Asked by hayden

LS looks like the sum of cubes
sin^6 x + cos^6 x
= (sin^2x)^3 + (cos^2x)^3
= (sin^2x+cos^2x)(sin^4x - (sin^2x)(cos^2x) + sin^4x)
= (1)(sin^4x - (sin^2x)(cos^2x) + sin^4x)

Now let's do some "aside"
(sin^2x + cos^2)^2 would be
sin^4x + 2(sin^2x)(cos^2x) + cos^4x

we 'almost' have that above, differing only by the coefficient of the middle term.

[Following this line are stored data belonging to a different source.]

lemma finite_ray_gens: "finite (ray_gens \<Delta>)"
proof (rule finite_subset)
  show "ray_gens \<Delta> \<subseteq> (\<Union>\<tau>\<in>\<Delta>. gens \<Delta> \<tau>)"
  proof
    fix v assume v: "v \<in> ray_gens \<Delta>"
    have "cone_gen {emb v} face_of cone_gen {emb v}"
      using convex_lat_cone cone_gen_emb_image[of "{v}"] face_of_refl by fastforce
    with v show "v \<in> (\<Union>\<tau>\<in>\<Delta>. gens \<Delta> \<tau>)"
      unfolding gens_def ray_gens_def by blast
  qed
  show "finite (\<Union>\<tau>\<in>\<Delta>. gens \<Delta> \<tau>)"
    using finite_fan finite_gens by blast
qed

lemma subset_iff_gens_subset:
  assumes "\<tau> \<in> \<Delta>" "\<rho> \<in> \<Delta>"
  shows "\<tau> \<subseteq> \<rho> \<longleftrightarrow> gens \<Delta> \<tau> \<subseteq> gens \<Delta> \<rho>"
proof
  assume "\<tau> \<subseteq> \<rho>"
  then have "\<tau> face_of \<rho>"
    using inter_face_of[OF assms(2,1)] by (simp add: Int_absorb1 inf_commute)
  then show "gens \<Delta> \<tau> \<subseteq> gens \<Delta> \<rho>"
    unfolding gens_def using face_of_trans by blast
next
  assume "gens \<Delta> \<tau> \<subseteq> gens \<Delta> \<rho>"
  then show "\<tau> \<subseteq> \<rho>"
    using assms lat_cone_mono finite_gens lat_cone_gens by metis
qed

lemma pos_comb_in_cone_imp_subset:
  assumes \<rho>: "\<rho> \<in> \<Delta>" "\<rho>' \<in> \<Delta>" and c: "\<forall>v\<in>gens \<Delta> \<rho>. 0 < c v"
    and x: "(\<Sum>v\<in>gens \<Delta> \<rho>. c v *\<^sub>R emb v) \<in> \<rho>'"
  shows "\<rho> \<subseteq> \<rho>'"
proof -
  have F: "(\<rho> \<inter> \<rho>') face_of lat_cone (gens \<Delta> \<rho>)"
    using inter_face_of[OF \<rho>] lat_cone_gens[OF \<rho>(1)] by simp
  have c0: "\<forall>v\<in>gens \<Delta> \<rho>. 0 \<le> c v"
    using c less_imp_le by blast
  with x have "(\<Sum>v\<in>gens \<Delta> \<rho>. c v *\<^sub>R emb v) \<in> \<rho> \<inter> \<rho>'"
    using nonneg_comb_in_cone[OF \<rho>(1)] by blast
  with c have "emb v \<in> \<rho> \<inter> \<rho>'" if "v \<in> gens \<Delta> \<rho>" for v
    using emb_in_face_of_lat_cone[OF finite_gens[OF \<rho>(1)] F c0 _ that] that by blast
  then have "lat_cone (gens \<Delta> \<rho>) \<subseteq> lat_cone (gens \<Delta> \<rho>')"
    using lat_cone_gens[OF \<rho>(2)] by (intro lat_cone_subsetI[OF finite_gens[OF \<rho>(1)]]) auto
  then show ?thesis
    using lat_cone_gens \<rho> by metis
qed

lemma pos_comb_eq_imp_eq:
  assumes \<rho>: "\<rho> \<in> \<Delta>" "\<rho>' \<in> \<Delta>" and c: "\<forall>v\<in>gens \<Delta> \<rho>. 0 < c v" and c': "\<forall>v\<in>gens \<Delta> \<rho>'. 0 < c' v"
    and eq: "(\<Sum>v\<in>gens \<Delta> \<rho>. c v *\<^sub>R emb v) = (\<Sum>v\<in>gens \<Delta> \<rho>'. c' v *\<^sub>R emb v)"
  shows "\<rho> = \<rho>'"
proof -
  have "(\<Sum>v\<in>gens \<Delta> \<rho>'. c' v *\<^sub>R emb v) \<in> \<rho>'"
    using c' less_imp_le by (intro nonneg_comb_in_cone[OF \<rho>(2)]) blast
  then have "\<rho> \<subseteq> \<rho>'"
    using pos_comb_in_cone_imp_subset[OF \<rho> c] eq by simp
  moreover have "(\<Sum>v\<in>gens \<Delta> \<rho>. c v *\<^sub>R emb v) \<in> \<rho>"
    using c less_imp_le by (intro nonneg_comb_in_cone[OF \<rho>(1)]) blast
  then have "\<rho>' \<subseteq> \<rho>"
    using pos_comb_in_cone_imp_subset[OF \<rho>(2,1) c'] eq by simp
  ultimately show ?thesis
    by blast
qed

lemma pos_comb_exists:
  assumes "x \<in> \<sigma>"
  obtains \<rho> c where "\<rho> \<in> \<Delta>" "\<forall>v\<in>gens \<Delta> \<rho>. 0 < c v" "x = (\<Sum>v\<in>gens \<Delta> \<rho>. c v *\<^sub>R emb v)"
proof -
  obtain \<tau> where \<tau>: "\<tau> \<in> \<Delta>" "x \<in> \<tau>"
    using assms Union_fan by blast
  then obtain c where c: "\<forall>v\<in>gens \<Delta> \<tau>. 0 \<le> c v" "x = (\<Sum>v\<in>gens \<Delta> \<tau>. c v *\<^sub>R emb v)"
    using lat_cone_gens[OF \<tau>(1)] unfolding lat_cone_def by blast
  define T where "T = {v\<in>gens \<Delta> \<tau>. 0 < c v}"
  have T: "T \<subseteq> gens \<Delta> \<tau>"
    by (auto simp: T_def)
  have "x = (\<Sum>v\<in>T. c v *\<^sub>R emb v)"
    unfolding c(2) using c(1) finite_gens[OF \<tau>(1)] T
    by (intro sum.mono_neutral_right) (auto simp: T_def)
  moreover have "\<forall>v\<in>T. 0 < c v"
    by (simp add: T_def)
  ultimately show thesis
    using that[OF subcone_in_fan(1)[OF \<tau>(1) T]] unfolding subcone_in_fan(2)[OF \<tau>(1) T]
    by blast
qed

lemma link_iff: "\<gamma> \<in> lk \<Delta> \<tau> \<longleftrightarrow> \<gamma> \<in> \<Delta> \<and> \<gamma> \<inter> \<tau> = {0} \<and> cone_join \<gamma> \<tau> \<in> \<Delta>"
  unfolding lk_def cone_join_def by blast

lemma gens_link_disjoint:
  assumes "\<tau> \<in> \<Delta>" "\<gamma> \<in> lk \<Delta> \<tau>"
  shows "gens \<Delta> \<gamma> \<inter> gens \<Delta> \<tau> = {}"
proof -
  have "emb v \<in> \<gamma> \<inter> \<tau>" if "v \<in> gens \<Delta> \<gamma>" "v \<in> gens \<Delta> \<tau>" for v
    using assms that emb_gens_in_cone link_iff by blast
  with assms show ?thesis
    using lat_independent_nonzero[OF lat_independent_gens[OF assms(1)]]
    by (fastforce simp: link_iff emb_eq_0_iff)
qed
lemma continuous_partial_map_restrict:
  assumes "continuous_partial_map g" "open U"
  shows "continuous_partial_map (g |` U)"
proof -
  have "dom (g |` U) = dom g \<inter> U"
    by auto
  moreover have "continuous_on (dom g \<inter> U) (\<lambda>x. the ((g |` U) x))"
    using assms unfolding continuous_partial_map_def
    by (auto intro: continuous_on_eq continuous_on_subset)
  ultimately show ?thesis
    using assms unfolding continuous_partial_map_def by auto
qed

lemma continuous_partial_map_comp:
  assumes g: "continuous_partial_map g" and h: "continuous_partial_map h"
  shows "continuous_partial_map (h \<circ>\<^sub>m g)"
proof -
  have dom_eq: "dom (h \<circ>\<^sub>m g) = dom g \<inter> (\<lambda>x. the (g x)) -` dom h"
    by (auto simp: map_comp_def split: option.splits)
  have "continuous_on (dom (h \<circ>\<^sub>m g)) (\<lambda>x. the (h (the (g x))))"
    using g h unfolding continuous_partial_map_def dom_eq
    by (auto intro: continuous_on_compose2 continuous_on_subset)
  moreover have "the ((h \<circ>\<^sub>m g) x) = the (h (the (g x)))" if "x \<in> dom (h \<circ>\<^sub>m g)" for x
    using that by (auto simp: map_comp_def split: option.splits)
  moreover have "open (dom (h \<circ>\<^sub>m g))"
    using g h unfolding continuous_partial_map_def dom_eq by (simp add: continuous_open_preimage)
  ultimately show ?thesis
    unfolding continuous_partial_map_def by (auto cong: continuous_on_cong)
qed

lemma continuous_partial_map_foldr:
  "(\<And>h. h \<in> set hs \<Longrightarrow> continuous_partial_map h) \<Longrightarrow> continuous_partial_map (foldr (\<circ>\<^sub>m) hs Some)"
proof (induction hs)
  case Nil
  show ?case
    by (simp add: continuous_partial_map_def)
next
  case (Cons h hs)
  then show ?case
    by (simp add: continuous_partial_map_comp)
qed

lemma closed_bowen_ball:
  fixes \<Gamma> :: "('a::metric_space \<Rightarrow> 'a option) set"
  assumes "\<And>g. g \<in> \<Gamma> \<Longrightarrow> continuous_partial_map g"
  shows "closed (bowen_ball \<Gamma> \<delta> y)"
proof -
  define S :: "('a \<Rightarrow> 'a option) \<Rightarrow> 'a set" where "S g = {z. y \<in> dom g \<and> z \<in> dom g \<longrightarrow> dist (the (g y)) (the (g z)) \<le> \<delta>}" for g
  have closed_S: "closed (S g)" if "g \<in> comps \<Gamma> n" for g n
  proof (cases "y \<in> dom g")
    case True
    have "continuous_partial_map g"
      using that assms continuous_partial_map_foldr unfolding comps_def by blast
    then have "open (dom g \<inter> (\<lambda>z. the (g z)) -` (- cball (the (g y)) \<delta>))"
      unfolding continuous_partial_map_def by (auto intro: continuous_open_preimage)
    moreover have "S g = - (dom g \<inter> (\<lambda>z. the (g z)) -` (- cball (the (g y)) \<delta>))"
      using True by (auto simp: S_def)
    ultimately show ?thesis
      by (simp add: closed_def)
  qed (simp add: S_def)
  have "bowen_ball \<Gamma> \<delta> y = (\<Inter>n\<in>{1..}. \<Inter>g\<in>comps \<Gamma> n. S g)"
    unfolding bowen_ball_def S_def by auto
  then show ?thesis
    by (auto intro: closed_S)
qed

lemma map_comp_Some_left [simp]: "Some \<circ>\<^sub>m m = m"
  by (rule ext) (simp add: map_comp_def split: option.split)

lemma bowen_ball_dist_le:
  assumes "z \<in> bowen_ball \<Gamma> \<delta> x" "Some \<in> \<Gamma>" "set hs \<subseteq> \<Gamma>"
    and "x \<in> dom (foldr (\<circ>\<^sub>m) hs Some)" "z \<in> dom (foldr (\<circ>\<^sub>m) hs Some)"
  shows "dist (the (foldr (\<circ>\<^sub>m) hs Some x)) (the (foldr (\<circ>\<^sub>m) hs Some z)) \<le> \<delta>"
proof -
  have "foldr (\<circ>\<^sub>m) hs Some \<in> comps \<Gamma> (Suc (length hs))"
    using assms(2,3) unfolding comps_def by (intro CollectI exI[of _ "Some # hs"]) simp
  moreover have "1 \<le> Suc (length hs)"
    by simp
  ultimately show ?thesis
    using assms(1,4,5) unfolding bowen_ball_def by blast
qed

We can fix that by saying
(sin^4x - (sin^2x)(cos^2x) + sin^4x)
= sin^4x + 2(sin^2x)(cos^2x) + cos^4x - 4(sin^2x)(cos^2x)
= (sin^2x + cos^2x) - 3(sin^2x)(cos^2x)
= 1 - 3(sin^2x)(cos^2x)
almost there!
recall sin 2A = 2(sinA)(cosA)
so 3(sin^2x)(cos^2x)
= 3(sinxcosx)^2
= 3((1/2)sin 2x)^2
= (3/4)sin^2 2x

so
1 - 3(sin^2x)(cos^2x)
= 1 - (3/4)sin^2 2x
= RS !!!!!!

Q.E.D.

(sin^2x+cos^2x)(sin^4x - (sin^2x)(cos^2x) + sin^4x) I DON'T AGREE WITH THIS

SHOULDNT IT BE
(sin^2x+cos^2x)(sin^4x - (sin^2x)(cos^2x) + COS^4 X ??